Descomposición de una relación

05/06/2020

Miguel Ángel Valero. Santiago Velázquez opta en "Las fisuras" por el monólogo para contar la historia de Pablo Ferrand y Amaia Suanzes, que "llevan once años casados y veintiséis juntos, desde que se hicieron novios en el instituto".

El monólogo no es un género fácil. Pocos han triunfado con él. Apenas Miguel Delibes con «Cinco horas con Mario». O Faulkner, «Mientras agonizo». Sin olvidar el de Molly Bloom en el «Ulises» de James Joyce.

Por eso sorprende que Santiago Velázquez, que ha demostrado el dominio de varios registros en su ya larga trayectoria («Huéspedes del olvido», «Todos los hombres que nunca seré«, «La condena de Salomon Konick», «La extraña ilusión«, «Viaje de invierno«, «Soñaré en tus manos«, «Culos«, entre otras obras), haya optado por el monólogo para contar  la historia de Pablo Ferrand y Amaia Suanzes, que «llevan once años casados y veintiséis juntos, desde que se hicieron novios en el instituto».

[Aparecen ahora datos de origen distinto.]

(* Let $p$ be an odd prime and $q\in\mathbb C_p$ with $|1-q|_p<p^{-1/(p-1)}$. For $n\in\mathbb Z_+$ and $x\in\mathbb Z_p$, $$E_{n,q}(x)=2\sum_{l=0}^n\sum_{k=l}^n\sum_{\substack{l_0+\cdots+l_k=n-k\\ l_0,\dots,l_k\in\mathbb Z_+}}q^{\sum_{i=0}^k il_i}\frac{1}{(1-q)^{n+l-k}}s_{1,q}(k,l)(-1)^k\frac{q^{lx}}{1+q^l}.$$
   Context: $[x]_q=\frac{1-q^x}{1-q}$. The fermionic $p$-adic integral of a uniformly differentiable $f:\mathbb Z_p\to\mathbb C_p$ is $\int_{\mathbb Z_p}f(y)\,d\mu_{-1}(y)=\lim_{N\to\infty}\sum_{y=0}^{p^N-1}f(y)(-1)^y$. The $q$-Euler polynomials are $E_{n,q}(x)=\int_{\mathbb Z_p}[x+y]_q^n\,d\mu_{-1}(y)$. The $q$-Stirling numbers of the first kind $s_{1,q}(k,l)$ are defined by $[x]_q[x-1]_q\cdots[x-k+1]_q=q^{-\binom k2}\sum_{l=0}^k s_{1,q}(k,l)[x]_q^l$, as an identity of polynomials in $[x]_q$ (using $[x-i]_q=q^{-i}([x]_q-[i]_q)$). *)

theory Defs
  imports "HOL-Computational_Algebra.Polynomial" "HOL-Computational_Algebra.Primes"
begin

text \<open>The field C_p is modelled abstractly: a field of characteristic 0 (type 'a)
  carrying an absolute value absv such that (K, absv) is a complete, algebraically
  closed, non-archimedean valued field with absv p = 1/p, in which the elements
  algebraic over Q are dense.  These properties characterise C_p up to isometric
  isomorphism.\<close>

definition abs_tends_zero :: "(nat \<Rightarrow> real) \<Rightarrow> bool" where
  "abs_tends_zero u \<longleftrightarrow> (\<forall>e>0. \<exists>M. \<forall>m\<ge>M. u m < e)"

definition is_Cp :: "nat \<Rightarrow> ('a::field_char_0 \<Rightarrow> real) \<Rightarrow> bool" where
  "is_Cp p absv \<longleftrightarrow>
     (\<forall>x. absv x \<ge> 0) \<and>
     (\<forall>x. absv x = 0 \<longleftrightarrow> x = 0) \<and>
     (\<forall>x y. absv (x * y) = absv x * absv y) \<and>
     (\<forall>x y. absv (x + y) \<le> max (absv x) (absv y)) \<and>
     absv (of_nat p) = 1 / real p \<and>
     (\<forall>X::nat \<Rightarrow> 'a. (\<forall>e>0. \<exists>M. \<forall>m\<ge>M. \<forall>n\<ge>M. absv (X m - X n) < e)
        \<longrightarrow> (\<exists>L. abs_tends_zero (\<lambda>n. absv (X n - L)))) \<and>
     (\<forall>P::'a poly. degree P \<ge> 1 \<longrightarrow> (\<exists>z. poly P z = 0)) \<and>
     (\<forall>z. \<forall>e>0. \<exists>w. absv (z - w) < e \<and>
          (\<exists>P::rat poly. P \<noteq> 0 \<and> poly (map_poly of_rat P) w = 0))"

definition Zp :: "('a::field_char_0 \<Rightarrow> real) \<Rightarrow> 'a set" where
  "Zp absv = {z. \<forall>e>0. \<exists>n::int. absv (z - of_int n) < e}"
lemma petal_induced_copy:
  assumes v: "v < n" "b v" and i: "i < petal_count"
  shows "induced_copy {0..<ext_size} Eext VH EH (petal v i)"
  unfolding petal_def
proof (rule induced_copy_of_enumeration[OF enum])
  let ?c = "v * petal_count + i"
  have c: "?c < n * petal_count"
  proof -
    have "?c < (v + 1) * petal_count" using i by simp
    also have "\<dots> \<le> n * petal_count" using v by (intro mult_le_mono1) simp
    finally show ?thesis .
  qed
  have owner_c: "owner (pendant ?c j) = v" if "j < K" for j
    using that i unfolding owner_def by simp
  define y where "y j = pendant ?c (j - 1)" for j
  have new: "n \<le> y j \<and> y j < ext_size \<and> block (y j) = ?c \<and> owner (y j) = v \<and> label (y j) = h j"
    if "0 < j" "j < card VH" for j
    using that pendant_less_ext_size[OF c] owner_c unfolding y_def card_VH label_def by simp
  have map_eq: "petal_map v i j = (if j = 0 then v else y j)" for j
    unfolding petal_map_def y_def by simp
  have "v < ext_size" using v n_le_ext_size by simp
  then show "petal_map v i ` {0..<card VH} \<subseteq> {0..<ext_size}"
    using new unfolding map_eq by auto
  show "inj_on (petal_map v i) {0..<card VH}"
  proof (rule inj_onI)
    fix j j' assume j: "j \<in> {0..<card VH}" and j': "j' \<in> {0..<card VH}"
      and eq: "petal_map v i j = petal_map v i j'"
    have slot_y: "slot (y j) = j - 1" if "0 < j" "j < card VH" for j
      using that unfolding y_def card_VH by simp
    consider "j = 0" "j' = 0" | "j = 0" "0 < j'" | "0 < j" "j' = 0" | "0 < j" "0 < j'" by blast
    then show "j = j'"
    proof cases
      case 2
      then have "n \<le> v" using eq new[of j'] j' by (simp add: map_eq)
      then show ?thesis using v by simp
    next
      case 3
      then have "n \<le> v" using eq new[of j] j by (simp add: map_eq)
      then show ?thesis using v by simp
    next
      case 4
      then have "j - 1 = j' - 1" using eq j j' slot_y[of j] slot_y[of j'] by (simp add: map_eq)
      then show ?thesis using 4 by simp
    qed simp
  qed
  have EH_irrefl: "\<not> EH u u" for u using H unfolding simple_graph_def by blast
  have Eext_irrefl: "\<not> Eext x x" for x using simple_graph_Eext unfolding simple_graph_def by blast
  fix j j' assume j: "j \<in> {0..<card VH}" and j': "j' \<in> {0..<card VH}"
  consider "j = 0" "j' = 0" | "j = 0" "0 < j'" | "0 < j" "j' = 0" | "0 < j" "0 < j'" by blast
  then show "EH (h j) (h j') \<longleftrightarrow> Eext (petal_map v i j) (petal_map v i j')"
  proof cases
    case 1
    then show ?thesis using EH_irrefl Eext_irrefl by (simp add: map_eq)
  next
    case 2
    then have "n \<le> y j'" "y j' < ext_size" "owner (y j') = v" "label (y j') = h j'"
      using new j' by auto
    then show ?thesis using 2 v \<open>v < ext_size\<close> by (simp add: map_eq Eext_def)
  next
    case 3
    then have "n \<le> y j" "y j < ext_size" "owner (y j) = v" "label (y j) = h j"
      using new j by auto
    then show ?thesis using 3 v \<open>v < ext_size\<close> by (simp add: map_eq Eext_def)
  next
    case 4
    then show ?thesis using new[OF _ j[simplified]] new[OF _ j'[simplified]] v
      by (simp add: map_eq Eext_def)
  qed
qed

lemma petals_meet_in_center:
  assumes "i \<noteq> i'"
  shows "petal v i \<inter> petal v i' \<subseteq> {v}"
proof
  fix x assume "x \<in> petal v i \<inter> petal v i'"
  then obtain j j' where "j < card VH" "j' < card VH"
    and "x = petal_map v i j" "x = petal_map v i' j'"
    unfolding petal_def by auto
  moreover have "block (pendant (v * petal_count + i) (j - 1)) \<noteq> block (pendant (v * petal_count + i') (j' - 1))"
    if "0 < j" "0 < j'"
    using that \<open>j < card VH\<close> \<open>j' < card VH\<close> assms unfolding card_VH by simp
  ultimately show "x \<in> {v}"
    unfolding petal_map_def by (auto split: if_splits)
qed

lemma marked_deletion_set:
  assumes hit: "\<And>X. induced_copy {0..<n} E VH EH X \<Longrightarrow> \<exists>t\<in>X. b t"
  shows "deletion_set {0..<ext_size} Eext VH EH marked"
  unfolding deletion_set_def H_free_def
proof (intro conjI notI)
  show "marked \<subseteq> {0..<ext_size}" using n_le_ext_size unfolding marked_def by auto
  assume "\<exists>X. induced_copy ({0..<ext_size} - marked) Eext VH EH X"
  then obtain X where X: "induced_copy ({0..<ext_size} - marked) Eext VH EH X" by blast
  then have XV: "X \<subseteq> {0..<ext_size} - marked" unfolding induced_copy_def by blast
  define \<phi> where "\<phi> x = (if x < n then None else Some (block x))" for x
  have same_class: "\<phi> x = \<phi> y" if "x \<in> X" "y \<in> X" for x y
  proof (rule induced_copy_within_class[OF H H_connected X _ that])
    fix x y assume "x \<in> {0..<ext_size} - marked" "y \<in> {0..<ext_size} - marked" "Eext x y"
    then have "x < n \<Longrightarrow> \<not> b x" "y < n \<Longrightarrow> \<not> b y" "Eext x y" unfolding marked_def by auto
    then show "\<phi> x = \<phi> y" unfolding \<phi>_def Eext_def by auto
  qed
  have "card X = card VH" using X by (rule induced_copy_card)
  then have "X \<noteq> {}" using H_nontrivial by auto
  then obtain x0 where x0: "x0 \<in> X" by blast
  show False
  proof (cases "x0 < n")
    case True
    then have old: "x < n" if "x \<in> X" for x using same_class[OF that x0] unfolding \<phi>_def
      by (auto split: if_splits)
    have "induced_copy {0..<n} E VH EH X"
      by (rule induced_copy_transfer[OF X]) (use old Eext_old in auto)
    then obtain t where "t \<in> X" "b t" using hit by blast
    then show False using old XV unfolding marked_def by auto
  next
    case False
    then have in_block: "n \<le> x \<and> block x = block x0" if "x \<in> X" for x
      using same_class[OF that x0] unfolding \<phi>_def by (auto split: if_splits)
    have "X \<subseteq> pendant (block x0) ` {0..<K}"
    proof
      fix x assume "x \<in> X"
      then have "x = pendant (block x0) (slot x)" using in_block[of x] pendant_block_slot[of x] by simp
      moreover have "slot x < K" using K_pos unfolding slot_def by simp
      ultimately show "x \<in> pendant (block x0) ` {0..<K}" by simp
    qed
    then have "card X \<le> card (pendant (block x0) ` {0..<K})" by (intro card_mono) simp_all
    also have "\<dots> \<le> K" using card_image_le[of "{0..<K}" "pendant (block x0)"] by simp
    finally have "card X \<le> K" .
    then show False using \<open>card X = card VH\<close> card_VH by simp
  qed
qed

Santiago Velázquez sale airoso del envite, con una literatura exigente (el lector necesita hacer un esfuerzo notable para seguir la historia), sin contemplaciones. Hace un relato duro sobre el amor y la vida, en definitiva sobre la memoria, con amargos reproches y duras palabras que sobresalen entre los escasos momentos felices.

«La verdad escuece como una herida abierta», escribe Pablo Ferrand en su obsesivo monólogo.

Se pregunta «por qué no hemos aprovechado la vida de verdad». Y se contesta: «tengo la estúpida sensación de que hemos malgastado el tiempo, de que hemos lapidado nuestras vidas y no hemos sabido disfrutarlas».

También tiene claro que «el lenguaje es un tirano y nos ancla a lo dicho con cadenas que arrastramos pesadamente por la cárcel del pensamiento». «Hay palabras que uno quisiera haber pronunciado, como si con eso se hubiera podido evitar el descalabro, como si esas palabras dichas en el momento preciso hubieran contenido la ruina y el deterioro».

Pero «en unos instantes la memoria cesará y todo habrá terminado para siempre, y nosotros nos quedaremos aquí, también aguardando a que algún día toque nuestra hora».